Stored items
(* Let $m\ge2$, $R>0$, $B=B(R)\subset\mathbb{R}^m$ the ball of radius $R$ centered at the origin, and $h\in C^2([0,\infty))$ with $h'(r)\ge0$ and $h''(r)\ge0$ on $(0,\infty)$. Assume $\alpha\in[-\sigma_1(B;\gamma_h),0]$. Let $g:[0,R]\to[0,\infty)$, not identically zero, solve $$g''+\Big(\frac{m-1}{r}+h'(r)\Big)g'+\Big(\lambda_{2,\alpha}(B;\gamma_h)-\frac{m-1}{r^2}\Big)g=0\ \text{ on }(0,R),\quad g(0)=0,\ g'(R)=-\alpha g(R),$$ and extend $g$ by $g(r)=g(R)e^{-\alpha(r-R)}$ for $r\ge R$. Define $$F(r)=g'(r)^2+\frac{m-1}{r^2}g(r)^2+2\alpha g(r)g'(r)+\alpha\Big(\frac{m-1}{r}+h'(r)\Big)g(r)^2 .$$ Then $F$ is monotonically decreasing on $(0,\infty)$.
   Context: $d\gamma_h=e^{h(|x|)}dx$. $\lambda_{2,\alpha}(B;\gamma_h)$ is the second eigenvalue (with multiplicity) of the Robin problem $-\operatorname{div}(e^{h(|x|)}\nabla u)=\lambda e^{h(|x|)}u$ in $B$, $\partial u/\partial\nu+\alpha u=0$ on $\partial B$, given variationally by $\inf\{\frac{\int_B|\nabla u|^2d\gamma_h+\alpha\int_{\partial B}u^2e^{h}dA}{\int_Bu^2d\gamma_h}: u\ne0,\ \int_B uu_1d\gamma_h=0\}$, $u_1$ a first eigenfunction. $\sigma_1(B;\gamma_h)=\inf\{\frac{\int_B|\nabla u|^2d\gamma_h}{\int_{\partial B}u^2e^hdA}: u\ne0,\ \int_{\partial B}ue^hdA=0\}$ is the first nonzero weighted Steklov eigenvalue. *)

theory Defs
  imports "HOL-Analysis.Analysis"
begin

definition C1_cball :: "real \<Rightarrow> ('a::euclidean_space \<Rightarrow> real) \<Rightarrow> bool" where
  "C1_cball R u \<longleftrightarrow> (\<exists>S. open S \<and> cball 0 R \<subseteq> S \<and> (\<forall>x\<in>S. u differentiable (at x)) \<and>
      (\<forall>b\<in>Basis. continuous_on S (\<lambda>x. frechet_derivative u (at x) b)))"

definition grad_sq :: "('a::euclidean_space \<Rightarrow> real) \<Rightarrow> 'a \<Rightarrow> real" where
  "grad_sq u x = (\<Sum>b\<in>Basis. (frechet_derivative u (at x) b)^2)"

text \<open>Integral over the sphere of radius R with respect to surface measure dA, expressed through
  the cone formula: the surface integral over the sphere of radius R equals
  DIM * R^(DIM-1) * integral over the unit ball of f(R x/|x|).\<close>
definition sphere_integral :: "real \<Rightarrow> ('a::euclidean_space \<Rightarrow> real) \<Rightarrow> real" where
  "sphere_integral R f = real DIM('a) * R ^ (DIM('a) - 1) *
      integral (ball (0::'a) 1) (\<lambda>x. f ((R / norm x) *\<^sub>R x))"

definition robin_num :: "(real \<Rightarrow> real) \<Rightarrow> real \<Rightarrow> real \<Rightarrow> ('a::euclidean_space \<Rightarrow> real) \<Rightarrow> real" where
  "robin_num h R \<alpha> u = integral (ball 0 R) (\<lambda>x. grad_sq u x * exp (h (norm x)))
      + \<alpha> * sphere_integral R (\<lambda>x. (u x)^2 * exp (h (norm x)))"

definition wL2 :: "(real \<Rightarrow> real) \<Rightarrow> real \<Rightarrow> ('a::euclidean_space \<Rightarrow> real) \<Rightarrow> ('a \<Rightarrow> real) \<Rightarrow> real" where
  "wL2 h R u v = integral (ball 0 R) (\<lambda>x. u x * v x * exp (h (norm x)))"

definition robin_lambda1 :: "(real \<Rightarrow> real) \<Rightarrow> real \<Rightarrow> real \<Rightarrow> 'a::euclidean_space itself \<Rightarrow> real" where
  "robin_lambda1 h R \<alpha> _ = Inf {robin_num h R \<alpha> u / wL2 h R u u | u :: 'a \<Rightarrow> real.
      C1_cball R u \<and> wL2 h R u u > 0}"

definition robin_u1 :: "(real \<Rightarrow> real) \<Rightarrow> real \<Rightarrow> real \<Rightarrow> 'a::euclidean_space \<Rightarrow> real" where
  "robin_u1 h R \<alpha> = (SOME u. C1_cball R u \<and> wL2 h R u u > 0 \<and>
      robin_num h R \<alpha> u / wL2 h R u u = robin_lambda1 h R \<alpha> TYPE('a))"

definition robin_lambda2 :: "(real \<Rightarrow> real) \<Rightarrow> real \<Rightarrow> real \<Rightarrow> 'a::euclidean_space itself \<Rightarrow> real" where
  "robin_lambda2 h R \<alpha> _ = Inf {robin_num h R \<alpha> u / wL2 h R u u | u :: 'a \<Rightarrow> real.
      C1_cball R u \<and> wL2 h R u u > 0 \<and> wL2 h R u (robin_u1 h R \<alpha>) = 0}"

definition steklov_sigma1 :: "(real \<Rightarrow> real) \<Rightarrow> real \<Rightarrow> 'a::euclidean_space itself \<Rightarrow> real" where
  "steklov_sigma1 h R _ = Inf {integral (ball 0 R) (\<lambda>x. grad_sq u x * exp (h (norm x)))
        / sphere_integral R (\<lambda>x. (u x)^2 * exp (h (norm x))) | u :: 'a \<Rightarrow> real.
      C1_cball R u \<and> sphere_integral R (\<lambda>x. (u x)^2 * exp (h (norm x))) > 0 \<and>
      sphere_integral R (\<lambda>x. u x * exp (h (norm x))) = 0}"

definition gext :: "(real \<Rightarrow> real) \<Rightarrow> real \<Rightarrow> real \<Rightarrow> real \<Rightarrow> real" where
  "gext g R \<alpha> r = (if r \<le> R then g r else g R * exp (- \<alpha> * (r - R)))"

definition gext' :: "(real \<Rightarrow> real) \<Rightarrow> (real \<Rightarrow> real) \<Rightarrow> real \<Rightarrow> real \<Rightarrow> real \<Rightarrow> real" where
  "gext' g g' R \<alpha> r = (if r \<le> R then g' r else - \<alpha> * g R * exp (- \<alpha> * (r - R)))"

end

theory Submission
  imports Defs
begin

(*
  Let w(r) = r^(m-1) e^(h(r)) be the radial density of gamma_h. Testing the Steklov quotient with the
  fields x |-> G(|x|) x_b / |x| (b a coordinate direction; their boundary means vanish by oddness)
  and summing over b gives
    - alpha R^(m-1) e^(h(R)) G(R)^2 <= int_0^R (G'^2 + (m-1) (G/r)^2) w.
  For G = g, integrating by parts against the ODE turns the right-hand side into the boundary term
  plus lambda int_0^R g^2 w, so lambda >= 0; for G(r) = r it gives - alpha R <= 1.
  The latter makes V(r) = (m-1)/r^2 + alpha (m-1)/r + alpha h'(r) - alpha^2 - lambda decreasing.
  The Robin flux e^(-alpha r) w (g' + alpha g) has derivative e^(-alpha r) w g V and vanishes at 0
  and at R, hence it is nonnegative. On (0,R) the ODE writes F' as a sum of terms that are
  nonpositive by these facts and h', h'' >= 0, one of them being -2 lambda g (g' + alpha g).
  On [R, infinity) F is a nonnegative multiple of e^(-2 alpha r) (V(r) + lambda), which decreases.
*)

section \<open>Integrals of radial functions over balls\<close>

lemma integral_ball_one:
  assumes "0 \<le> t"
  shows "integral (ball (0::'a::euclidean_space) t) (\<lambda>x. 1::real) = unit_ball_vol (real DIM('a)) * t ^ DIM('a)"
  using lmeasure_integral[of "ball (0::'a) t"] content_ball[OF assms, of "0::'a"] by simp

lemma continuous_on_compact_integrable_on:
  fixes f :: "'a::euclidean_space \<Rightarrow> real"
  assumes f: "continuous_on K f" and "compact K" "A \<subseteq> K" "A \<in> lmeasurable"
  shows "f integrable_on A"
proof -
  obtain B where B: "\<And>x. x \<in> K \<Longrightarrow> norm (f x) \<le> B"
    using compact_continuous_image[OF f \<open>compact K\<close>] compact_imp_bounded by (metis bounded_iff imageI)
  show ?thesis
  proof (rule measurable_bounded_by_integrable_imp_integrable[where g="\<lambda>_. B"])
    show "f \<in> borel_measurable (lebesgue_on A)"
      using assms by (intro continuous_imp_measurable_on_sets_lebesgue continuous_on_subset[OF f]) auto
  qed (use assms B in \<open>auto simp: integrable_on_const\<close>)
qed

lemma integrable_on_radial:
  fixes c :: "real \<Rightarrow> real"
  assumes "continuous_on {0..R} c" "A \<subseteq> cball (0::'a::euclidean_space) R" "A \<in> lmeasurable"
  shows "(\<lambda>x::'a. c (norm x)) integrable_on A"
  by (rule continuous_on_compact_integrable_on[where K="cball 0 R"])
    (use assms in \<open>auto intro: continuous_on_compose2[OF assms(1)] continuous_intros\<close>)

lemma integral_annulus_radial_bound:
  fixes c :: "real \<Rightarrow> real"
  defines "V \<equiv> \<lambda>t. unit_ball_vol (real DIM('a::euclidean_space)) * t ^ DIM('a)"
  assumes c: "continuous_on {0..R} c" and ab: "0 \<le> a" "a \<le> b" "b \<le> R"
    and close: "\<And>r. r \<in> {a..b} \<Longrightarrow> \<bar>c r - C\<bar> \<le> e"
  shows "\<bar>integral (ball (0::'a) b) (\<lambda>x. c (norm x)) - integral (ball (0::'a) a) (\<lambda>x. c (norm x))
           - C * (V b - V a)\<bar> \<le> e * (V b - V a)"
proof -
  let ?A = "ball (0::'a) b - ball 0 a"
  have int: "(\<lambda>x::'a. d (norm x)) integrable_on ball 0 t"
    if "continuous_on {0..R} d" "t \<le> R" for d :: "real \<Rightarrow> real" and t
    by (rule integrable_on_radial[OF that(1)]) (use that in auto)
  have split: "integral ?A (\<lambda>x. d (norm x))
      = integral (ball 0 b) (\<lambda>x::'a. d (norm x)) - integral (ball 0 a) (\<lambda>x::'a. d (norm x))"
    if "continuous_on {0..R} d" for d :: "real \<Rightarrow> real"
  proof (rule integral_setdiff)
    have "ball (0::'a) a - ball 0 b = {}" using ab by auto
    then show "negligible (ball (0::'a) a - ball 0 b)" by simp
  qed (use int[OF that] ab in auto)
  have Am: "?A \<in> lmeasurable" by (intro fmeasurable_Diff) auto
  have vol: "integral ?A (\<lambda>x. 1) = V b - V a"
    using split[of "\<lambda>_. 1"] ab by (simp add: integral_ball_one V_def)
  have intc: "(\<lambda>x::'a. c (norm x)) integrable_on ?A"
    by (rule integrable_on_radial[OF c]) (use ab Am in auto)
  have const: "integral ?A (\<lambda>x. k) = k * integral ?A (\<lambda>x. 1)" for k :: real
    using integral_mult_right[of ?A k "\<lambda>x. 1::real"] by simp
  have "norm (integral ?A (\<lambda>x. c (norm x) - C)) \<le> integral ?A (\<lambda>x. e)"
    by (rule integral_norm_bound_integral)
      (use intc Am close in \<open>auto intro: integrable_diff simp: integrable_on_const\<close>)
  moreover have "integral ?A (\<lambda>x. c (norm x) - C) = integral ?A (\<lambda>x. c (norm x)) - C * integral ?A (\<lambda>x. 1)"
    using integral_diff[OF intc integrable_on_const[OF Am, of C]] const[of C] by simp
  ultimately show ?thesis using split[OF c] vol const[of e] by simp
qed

==

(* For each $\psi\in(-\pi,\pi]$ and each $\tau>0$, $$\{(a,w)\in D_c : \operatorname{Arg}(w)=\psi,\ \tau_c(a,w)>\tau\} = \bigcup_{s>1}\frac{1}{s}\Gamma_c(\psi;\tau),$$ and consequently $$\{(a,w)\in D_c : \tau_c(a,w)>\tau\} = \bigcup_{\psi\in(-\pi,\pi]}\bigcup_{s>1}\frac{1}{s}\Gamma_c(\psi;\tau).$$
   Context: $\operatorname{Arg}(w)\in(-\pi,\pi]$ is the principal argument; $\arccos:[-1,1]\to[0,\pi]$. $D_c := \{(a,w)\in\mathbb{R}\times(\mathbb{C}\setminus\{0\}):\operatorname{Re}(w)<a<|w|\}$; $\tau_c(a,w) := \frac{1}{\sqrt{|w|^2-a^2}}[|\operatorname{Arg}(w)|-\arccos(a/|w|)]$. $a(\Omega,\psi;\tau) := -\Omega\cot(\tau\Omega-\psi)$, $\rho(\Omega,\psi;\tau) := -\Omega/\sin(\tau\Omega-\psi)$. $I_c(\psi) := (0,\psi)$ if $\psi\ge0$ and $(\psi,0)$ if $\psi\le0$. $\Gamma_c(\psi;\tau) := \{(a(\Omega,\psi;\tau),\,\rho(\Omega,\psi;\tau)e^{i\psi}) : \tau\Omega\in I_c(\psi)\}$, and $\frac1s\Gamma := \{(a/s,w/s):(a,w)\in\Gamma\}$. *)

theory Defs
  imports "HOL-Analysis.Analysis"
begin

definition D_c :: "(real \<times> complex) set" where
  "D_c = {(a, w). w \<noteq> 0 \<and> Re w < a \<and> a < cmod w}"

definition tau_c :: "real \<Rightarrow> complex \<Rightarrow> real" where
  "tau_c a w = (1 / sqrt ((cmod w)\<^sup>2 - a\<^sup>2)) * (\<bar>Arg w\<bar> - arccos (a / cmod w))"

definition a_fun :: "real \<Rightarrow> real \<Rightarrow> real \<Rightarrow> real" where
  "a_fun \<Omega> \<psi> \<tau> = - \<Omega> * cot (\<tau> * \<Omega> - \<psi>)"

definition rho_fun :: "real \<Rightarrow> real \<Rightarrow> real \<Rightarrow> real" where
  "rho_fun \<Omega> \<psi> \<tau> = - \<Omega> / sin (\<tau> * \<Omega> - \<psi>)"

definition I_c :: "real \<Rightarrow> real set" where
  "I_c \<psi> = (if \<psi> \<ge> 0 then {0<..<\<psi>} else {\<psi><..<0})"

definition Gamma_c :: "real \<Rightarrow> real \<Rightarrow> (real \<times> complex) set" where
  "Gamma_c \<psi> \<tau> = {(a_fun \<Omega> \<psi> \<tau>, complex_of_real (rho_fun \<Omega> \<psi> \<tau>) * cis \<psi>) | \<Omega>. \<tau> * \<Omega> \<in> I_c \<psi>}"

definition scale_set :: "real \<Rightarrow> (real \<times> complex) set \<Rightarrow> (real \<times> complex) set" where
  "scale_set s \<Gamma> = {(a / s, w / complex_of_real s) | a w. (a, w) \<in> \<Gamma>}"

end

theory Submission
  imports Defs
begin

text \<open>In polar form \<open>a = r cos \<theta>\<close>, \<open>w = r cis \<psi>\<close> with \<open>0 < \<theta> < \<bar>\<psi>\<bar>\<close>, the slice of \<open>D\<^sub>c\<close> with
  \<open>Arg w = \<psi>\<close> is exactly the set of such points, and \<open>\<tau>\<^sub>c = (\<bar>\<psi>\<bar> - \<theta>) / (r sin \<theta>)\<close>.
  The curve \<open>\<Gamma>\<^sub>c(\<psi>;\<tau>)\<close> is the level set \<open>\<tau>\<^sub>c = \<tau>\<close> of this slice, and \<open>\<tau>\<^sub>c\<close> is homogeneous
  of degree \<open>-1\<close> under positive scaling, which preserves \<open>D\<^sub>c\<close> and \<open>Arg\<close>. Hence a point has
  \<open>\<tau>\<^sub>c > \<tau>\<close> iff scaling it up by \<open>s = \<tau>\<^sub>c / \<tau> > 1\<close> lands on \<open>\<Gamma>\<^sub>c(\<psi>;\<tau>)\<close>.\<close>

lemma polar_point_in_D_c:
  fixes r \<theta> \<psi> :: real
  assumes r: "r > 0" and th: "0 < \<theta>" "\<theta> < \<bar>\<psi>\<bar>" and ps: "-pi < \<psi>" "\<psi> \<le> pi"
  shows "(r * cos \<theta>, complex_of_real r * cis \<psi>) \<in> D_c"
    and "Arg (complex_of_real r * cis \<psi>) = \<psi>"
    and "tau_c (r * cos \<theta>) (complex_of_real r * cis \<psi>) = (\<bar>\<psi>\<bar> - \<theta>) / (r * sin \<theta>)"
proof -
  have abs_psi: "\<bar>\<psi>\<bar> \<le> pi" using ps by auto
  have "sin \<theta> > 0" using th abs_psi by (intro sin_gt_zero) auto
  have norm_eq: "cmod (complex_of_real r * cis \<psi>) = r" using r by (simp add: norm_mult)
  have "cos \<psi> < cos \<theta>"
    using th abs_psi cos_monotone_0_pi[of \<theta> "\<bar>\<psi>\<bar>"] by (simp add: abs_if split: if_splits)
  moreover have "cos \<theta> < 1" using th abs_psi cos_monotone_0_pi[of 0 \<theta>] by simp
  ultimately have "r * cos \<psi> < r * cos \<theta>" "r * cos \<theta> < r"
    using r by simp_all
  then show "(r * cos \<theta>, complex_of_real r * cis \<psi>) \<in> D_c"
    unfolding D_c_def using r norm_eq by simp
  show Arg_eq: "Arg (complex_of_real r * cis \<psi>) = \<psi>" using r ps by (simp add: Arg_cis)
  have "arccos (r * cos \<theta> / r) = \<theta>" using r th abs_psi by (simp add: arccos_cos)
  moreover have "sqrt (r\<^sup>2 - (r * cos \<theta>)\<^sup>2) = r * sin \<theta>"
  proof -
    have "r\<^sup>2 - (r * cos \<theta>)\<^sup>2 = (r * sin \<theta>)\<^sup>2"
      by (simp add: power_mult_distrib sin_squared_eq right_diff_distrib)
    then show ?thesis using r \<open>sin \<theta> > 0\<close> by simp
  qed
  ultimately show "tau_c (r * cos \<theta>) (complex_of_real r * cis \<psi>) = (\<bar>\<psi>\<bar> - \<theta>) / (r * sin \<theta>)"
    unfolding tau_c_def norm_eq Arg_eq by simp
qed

◆ Action item
Within the entries, find all lines that contain "Omega" and copy each one.

◆ Exercise response
   Context: $\operatorname{Arg}(w)\in(-\pi,\pi]$ is the principal argument; $\arccos:[-1,1]\to[0,\pi]$. $D_c := \{(a,w)\in\mathbb{R}\times(\mathbb{C}\setminus\{0\}):\operatorname{Re}(w)<a<|w|\}$; $\tau_c(a,w) := \frac{1}{\sqrt{|w|^2-a^2}}[|\operatorname{Arg}(w)|-\arccos(a/|w|)]$. $a(\Omega,\psi;\tau) := -\Omega\cot(\tau\Omega-\psi)$, $\rho(\Omega,\psi;\tau) := -\Omega/\sin(\tau\Omega-\psi)$. $I_c(\psi) := (0,\psi)$ if $\psi\ge0$ and $(\psi,0)$ if $\psi\le0$. $\Gamma_c(\psi;\tau) := \{(a(\Omega,\psi;\tau),\,\rho(\Omega,\psi;\tau)e^{i\psi}) : \tau\Omega\in I_c(\psi)\}$, and $\frac1s\Gamma := \{(a/s,w/s):(a,w)\in\Gamma\}$. *)
  "a_fun \<Omega> \<psi> \<tau> = - \<Omega> * cot (\<tau> * \<Omega> - \<psi>)"
  "rho_fun \<Omega> \<psi> \<tau> = - \<Omega> / sin (\<tau> * \<Omega> - \<psi>)"
  "Gamma_c \<psi> \<tau> = {(a_fun \<Omega> \<psi> \<tau>, complex_of_real (rho_fun \<Omega> \<psi> \<tau>) * cis \<psi>) | \<Omega>. \<tau> * \<Omega> \<in> I_c \<psi>}"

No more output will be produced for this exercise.